Также много приходит этих сельдей и в губу Княжую, на берегу которой раскинута последняя деревушка Карельского берега — Княжая. Много попадется их в селе Кандалакше, расположенном при вершине Кандалакшского залива (Кандалухи — по туземному выговору). Кандалакша, как известно, выжжена англичанами. К северу от нее, по направлению к озеру Имандре, идет пешеходный тракт на Колу, мимо лопарских веж и погостов. К юго-востоку потянулся от Кандалакши, к селению Порьегубе, высокий Терский берег, который из деревни Княжей виден уже значительно яснее и со многими подробностями: высокими вараками, обсыпанными на южных отклонах мелким лесом, мрачно чернеющими щельями и опять-таки сверкающим на вершинах вечно нетающим снегом.

Деревня Княжая или Княжегубская выстроилась также при устье речонки, берега которой в некоторых местах покрыты лугами и болотами, а по горным склонам — сосновым, березовым и еловым лесами. Жители ее заметно беднее обитателей Керети и Ковды; редко ходят за треской на Мурман, ограничиваясь ловлей сельдей в своей губе и незначительного количества мелкой трески для домашнего потребления, и даже не имеют собственных ладей. Впрочем, богатство жителей могло бы быть и значительнее, как в Княжей, так и во всех других селеньях беломорского прибрежья, если бы все промыслы не находились в руках богачей-монополистов, с которыми судьба знакомила меня почему-то прежде всех остальных жителей селений.
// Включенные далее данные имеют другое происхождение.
lemma LLL_reduced_first_vector_short:
  assumes lll: "LLL_reduced N k b" and v: "v \<in> lattice_gen k b" and "v t \<noteq> 0"
  shows "vinner N (b 1) (b 1) \<le> 2^(k - 1) * vinner N v v"
proof -
  obtain bs mu where
    decomp: "\<forall>i\<in>{1..k}. \<forall>t. b i t = bs i t + (\<Sum>j\<in>{1..<i}. mu i j * bs j t)" and
    orth: "\<forall>i\<in>{1..k}. \<forall>j\<in>{1..<i}. vinner N (bs i) (bs j) = 0" and
    reduced: "\<forall>i\<in>{1..k}. \<forall>j\<in>{1..<i}. \<bar>mu i j\<bar> \<le> 1/2" and
    lovasz: "\<forall>i\<in>{2..k}. vinner N (\<lambda>t. bs i t + mu i (i - 1) * bs (i - 1) t)
                               (\<lambda>t. bs i t + mu i (i - 1) * bs (i - 1) t)
                  \<ge> 3/4 * vinner N (bs (i - 1)) (bs (i - 1))"
    using lll unfolding LLL_reduced_def by blast
  obtain z :: "nat \<Rightarrow> int" where z: "v = (\<lambda>t. \<Sum>s=1..k. of_int (z s) * b s t)"
    using v unfolding lattice_gen_def by blast
  define S where "S = {s\<in>{1..k}. z s \<noteq> 0}"
  have "S \<noteq> {}"
    using \<open>v t \<noteq> 0\<close> unfolding z S_def by (auto intro!: sum.neutral)
  moreover have "finite S"
    by (simp add: S_def)
  ultimately have "Max S \<in> S" and "\<forall>s\<in>S. s \<le> Max S"
    by simp_all
  then obtain J where J: "J \<in> {1..k}" "z J \<noteq> 0" and beyond: "\<forall>s\<in>{1..k}. J < s \<longrightarrow> z s = 0"
    unfolding S_def by (metis (mono_tags, lifting) mem_Collect_eq not_le)
  have halving: "1/2 * vinner N (bs (j - 1)) (bs (j - 1)) \<le> vinner N (bs j) (bs j)"
    if j: "j \<in> {2..k}" for j
  proof (rule Lovasz_condition_halving)
    show "vinner N (bs j) (bs (j - 1)) = 0"
      using orth j by auto
    show "\<bar>mu j (j - 1)\<bar> \<le> 1/2"
      using reduced j by auto
  qed (use lovasz j in auto)
  have b1: "b 1 = bs 1"
    using decomp J by (auto simp: fun_eq_iff)
  have "(1/2::real)^(k - 1) * vinner N (b 1) (b 1) \<le> (1/2)^(J - 1) * vinner N (b 1) (b 1)"
    using J by (intro mult_right_mono power_decreasing vinner_self_nonneg) auto
  also have "\<dots> \<le> vinner N (bs J) (bs J)"
    using power_half_le_of_halving[where q = "\<lambda>j. vinner N (bs j) (bs j)", OF halving J(1)] b1 by simp
  also have "\<dots> \<le> vinner N v v"
    using vinner_combination_gso[OF decomp orth J(1), of "\<lambda>s. of_int (z s)"] beyond J(2) z
    by (intro vinner_self_le_if_projection[where c = "of_int (z J)"]) auto
  finally show ?thesis
    by (simp add: power_one_over field_simps)
qed

definition max_abs_pair :: "nat \<Rightarrow> (nat \<Rightarrow> int) \<Rightarrow> (nat \<Rightarrow> int) \<Rightarrow> int" where
  "max_abs_pair m x y = max (Max ((\<lambda>k. \<bar>x k\<bar>) ` {1..m})) (Max ((\<lambda>k. \<bar>y k\<bar>) ` {1..m}))"

lemma abs_le_max_abs_pair:
  assumes "k \<in> {1..m}"
  shows "\<bar>x k\<bar> \<le> max_abs_pair m x y" and "\<bar>y k\<bar> \<le> max_abs_pair m x y"
proof -
  have "\<bar>x k\<bar> \<le> Max ((\<lambda>k. \<bar>x k\<bar>) ` {1..m})" and "\<bar>y k\<bar> \<le> Max ((\<lambda>k. \<bar>y k\<bar>) ` {1..m})"
    using assms by (simp_all add: Max_ge)
  then show "\<bar>x k\<bar> \<le> max_abs_pair m x y" and "\<bar>y k\<bar> \<le> max_abs_pair m x y"
    unfolding max_abs_pair_def by linarith+
qed

lemma max_abs_pair_ge_1:
  assumes "\<exists>k\<in>{1..m}. x k \<noteq> 0 \<or> y k \<noteq> 0"
  shows "1 \<le> max_abs_pair m x y"
proof -
  obtain k where k: "k \<in> {1..m}" and "x k \<noteq> 0 \<or> y k \<noteq> 0"
    using assms by blast
  with abs_le_max_abs_pair[OF k, where x = x and y = y] show ?thesis
    by linarith
qed

definition gen_entry :: "nat \<Rightarrow> (nat \<Rightarrow> complex \<Rightarrow> complex) \<Rightarrow> (nat \<Rightarrow> complex)
     \<Rightarrow> (nat \<Rightarrow> nat \<Rightarrow> complex) \<Rightarrow> nat \<Rightarrow> nat \<Rightarrow> nat \<Rightarrow> complex" where
  "gen_entry m \<sigma> \<omega> a h i s = (if s \<le> m then \<sigma> h (\<omega> s) else a h i * \<sigma> h (\<omega> (s - m)))"

lemma gen_col_combination_coordinate:
  assumes "t \<in> {1..2*m}"
  shows "(\<Sum>s=1..2*m. w s * gen_col m \<sigma> \<omega> a h i H s t) = w t"
proof -
  have "(\<Sum>s=1..2*m. w s * gen_col m \<sigma> \<omega> a h i H s t) = (\<Sum>s=1..2*m. if s = t then w s else 0)"
    using assms by (intro sum.cong) (auto simp: gen_col_def Let_def)
  with assms show ?thesis
    by simp
qed

lemma gen_col_combination_last_rows:
  "(\<Sum>s=1..2*m. w s * gen_col m \<sigma> \<omega> a h i H s (2*m+1))
     = H * Re (\<Sum>s=1..2*m. of_real (w s) * gen_entry m \<sigma> \<omega> a h i s)"
  "(\<Sum>s=1..2*m. w s * gen_col m \<sigma> \<omega> a h i H s (2*m+2))
     = H * Im (\<Sum>s=1..2*m. of_real (w s) * gen_entry m \<sigma> \<omega> a h i s)"
  by (auto simp: gen_col_def gen_entry_def Let_def sum_distrib_left Re_sum Im_sum intro!: sum.cong)

lemma gen_col_combination_sq_norm:
  assumes v_def: "v = (\<lambda>t. \<Sum>s=1..2*m. w s * gen_col m \<sigma> \<omega> a h i H s t)"
  shows "vinner (2*m+2) v v
           = (\<Sum>t=1..2*m. (w t)\<^sup>2) + (H * cmod (\<Sum>s=1..2*m. of_real (w s) * gen_entry m \<sigma> \<omega> a h i s))\<^sup>2"
    (is "_ = _ + (H * cmod ?S)\<^sup>2")
proof -
  have "vinner (2*m+2) v v = (\<Sum>t=1..2*m. (v t)\<^sup>2) + ((v (2*m+1))\<^sup>2 + (v (2*m+2))\<^sup>2)"
    by (simp add: vinner_def power2_eq_square)
  also have "(\<Sum>t=1..2*m. (v t)\<^sup>2) = (\<Sum>t=1..2*m. (w t)\<^sup>2)"
    using gen_col_combination_coordinate unfolding v_def by (intro sum.cong) presburger+
  also have "(v (2*m+1))\<^sup>2 + (v (2*m+2))\<^sup>2 = (H * Re ?S)\<^sup>2 + (H * Im ?S)\<^sup>2"
    unfolding v_def gen_col_combination_last_rows ..
  also have "\<dots> = (H * cmod ?S)\<^sup>2"
    by (simp add: cmod_power2 power_mult_distrib distrib_left)
  finally show ?thesis
    by simp
qed

lemma gen_entry_stacked_sum:
  "(\<Sum>s=1..2*m. of_int (if s \<le> m then x s else - y (s - m)) * gen_entry m \<sigma> \<omega> a h i s)
     = (\<Sum>k=1..m. \<sigma> h (\<omega> k) * of_int (x k)) - (\<Sum>k=1..m. a h i * \<sigma> h (\<omega> k) * of_int (y k))"
    (is "(\<Sum>s=1..2*m. ?f s) = ?X - ?Y")
proof -
  have "{1..2*m} = {1..m} \<union> {m+1..m+m}"
    by auto
  hence "(\<Sum>s=1..2*m. ?f s) = (\<Sum>s=1..m. ?f s) + (\<Sum>s=m+1..m+m. ?f s)"
    by (simp add: sum.union_disjoint)
  also have "(\<Sum>s=1..m. ?f s) = ?X"
    by (intro sum.cong) (auto simp: gen_entry_def)
  also have "(\<Sum>s=m+1..m+m. ?f s) = (\<Sum>k=1..m. ?f (k + m))"
    using sum.shift_bounds_cl_nat_ivl[of ?f 1 m m] by (simp add: add.commute)
  also have "\<dots> = - ?Y"
    by (simp add: gen_entry_def sum_negf[symmetric] mult_ac)
  finally show ?thesis
    by simp
qed

lemma stacked_sum_sq_le:
  "(\<Sum>t=1..2*m. (real_of_int (if t \<le> m then x t else - y (t - m)))\<^sup>2)
     \<le> 2 * real m * (real_of_int (max_abs_pair m x y))\<^sup>2"
proof -
  have "\<bar>if t \<le> m then x t else - y (t - m)\<bar> \<le> max_abs_pair m x y" if t: "t \<in> {1..2*m}" for t
  proof (cases "t \<le> m")
    case True
    with t show ?thesis
      using abs_le_max_abs_pair(1) by simp
  next
    case False
    with t have "t - m \<in> {1..m}"
      by auto
    with False show ?thesis
      using abs_le_max_abs_pair(2) by simp
  qed
  hence "(\<Sum>t=1..2*m. (real_of_int (if t \<le> m then x t else - y (t - m)))\<^sup>2)
      \<le> (\<Sum>t=1..2*m. (real_of_int (max_abs_pair m x y))\<^sup>2)"
    by (intro sum_mono) (metis abs_ge_zero of_int_abs of_int_le_iff power2_abs power_mono)
  then show ?thesis
    by simp
qed

lemma gen_col_lattice_vector_of_pair:
  assumes nz: "\<exists>k\<in>{1..m}. x k \<noteq> 0 \<or> y k \<noteq> 0"
  obtains v t where "v \<in> lattice_gen (2*m) (gen_col m \<sigma> \<omega> a h i H)" and "v t \<noteq> 0"
    and "vinner (2*m+2) v v \<le> 2 * real m * (real_of_int (max_abs_pair m x y))\<^sup>2
          + (H * cmod ((\<Sum>k=1..m. \<sigma> h (\<omega> k) * of_int (x k))
                      - (\<Sum>k=1..m. a h i * \<sigma> h (\<omega> k) * of_int (y k))))\<^sup>2"
proof -
  define z where "z s = (if s \<le> m then x s else - y (s - m))" for s
  define v where "v = (\<lambda>t. \<Sum>s=1..2*m. of_int (z s) * gen_col m \<sigma> \<omega> a h i H s t)"
  have "v \<in> lattice_gen (2*m) (gen_col m \<sigma> \<omega> a h i H)"
    unfolding v_def lattice_gen_def by blast
  moreover obtain t where t: "t \<in> {1..2*m}" "z t \<noteq> 0"
  proof -
    obtain k where k: "k \<in> {1..m}" "x k \<noteq> 0 \<or> y k \<noteq> 0"
      using nz by blast
    show ?thesis
      using that[of k] that[of "k + m"] k by (cases "x k = 0") (auto simp: z_def)
  qed
  have "v t = of_int (z t)"
    unfolding v_def by (rule gen_col_combination_coordinate[OF t(1)])
  with t(2) have "v t \<noteq> 0"
    by simp
  moreover have "vinner (2*m+2) v v \<le> 2 * real m * (real_of_int (max_abs_pair m x y))\<^sup>2
          + (H * cmod ((\<Sum>k=1..m. \<sigma> h (\<omega> k) * of_int (x k))
                      - (\<Sum>k=1..m. a h i * \<sigma> h (\<omega> k) * of_int (y k))))\<^sup>2"
    using gen_col_combination_sq_norm[OF v_def] stacked_sum_sq_le[of m x y] gen_entry_stacked_sum
    by (simp add: z_def)
  ultimately show ?thesis
    using that by blast
qed

lemma vinner_ge_of_vnorm_ge:
  assumes "sqrt C * r \<le> vnorm N u" and "0 \<le> C" and "0 \<le> r"
  shows "C * r\<^sup>2 \<le> vinner N u u"
proof -
  have "(sqrt C * r)\<^sup>2 \<le> (vnorm N u)\<^sup>2"
    using assms by (intro power_mono) auto
  then show ?thesis
    using assms(2) vinner_self_nonneg[of N u] by (simp add: vnorm_def power_mult_distrib)
qed

lemma le_of_sq_le_weighted:
  fixes A A0 l :: real
  assumes "(2 * real m + 1) * A0\<^sup>2 \<le> 2 * real m * A\<^sup>2 + l\<^sup>2"
    and "0 \<le> A" and "A \<le> A0" and "0 \<le> l"
  shows "A0 \<le> l"
proof -
  have "A\<^sup>2 \<le> A0\<^sup>2"
    using assms by (intro power_mono) auto
  hence "2 * real m * A\<^sup>2 \<le> 2 * real m * A0\<^sup>2"
    by (intro mult_left_mono) auto
  with assms(1) have "A0\<^sup>2 \<le> l\<^sup>2"
    by (simp add: algebra_simps)
  with assms(4) show ?thesis
    using power2_le_imp_le by blast
qed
Работая из-за хлеба на квас и не столько для себя, сколько на своего патрона-хозяина, поморский работник ограничивается только насущным, хотя и не печалится и не плачется вслух на свое бездолье. Он даже примирился с своей участью до подобострастия, до глубочайшего, беспрекословного повиновения к лицу покровительствующему, дающему ему тяжелые, невыгодные работы. Сколько можно заметить при первом же легком и даже поверхностном взгляде, и здесь, как и везде на свете, по непреложному закону людской натуры, богачам-монополистам от бедняков-страдальцев почет и первый низкий поклон. Мне случалось, останавливаясь у местного богача, призывать из властей сельских кого-нибудь для спросов о том, например, нет ли в правлении старинных (по ихнему — досельных) бумаг, или для поручения снарядить гребцов и обрядить карбас для дальнейшего пути. Приходившая власть кланялась богачу и спрашивала не меня, а богача: «Что угодно?», хотя хорошо знала, что требование шло от меня, от приезжаю человека в очках.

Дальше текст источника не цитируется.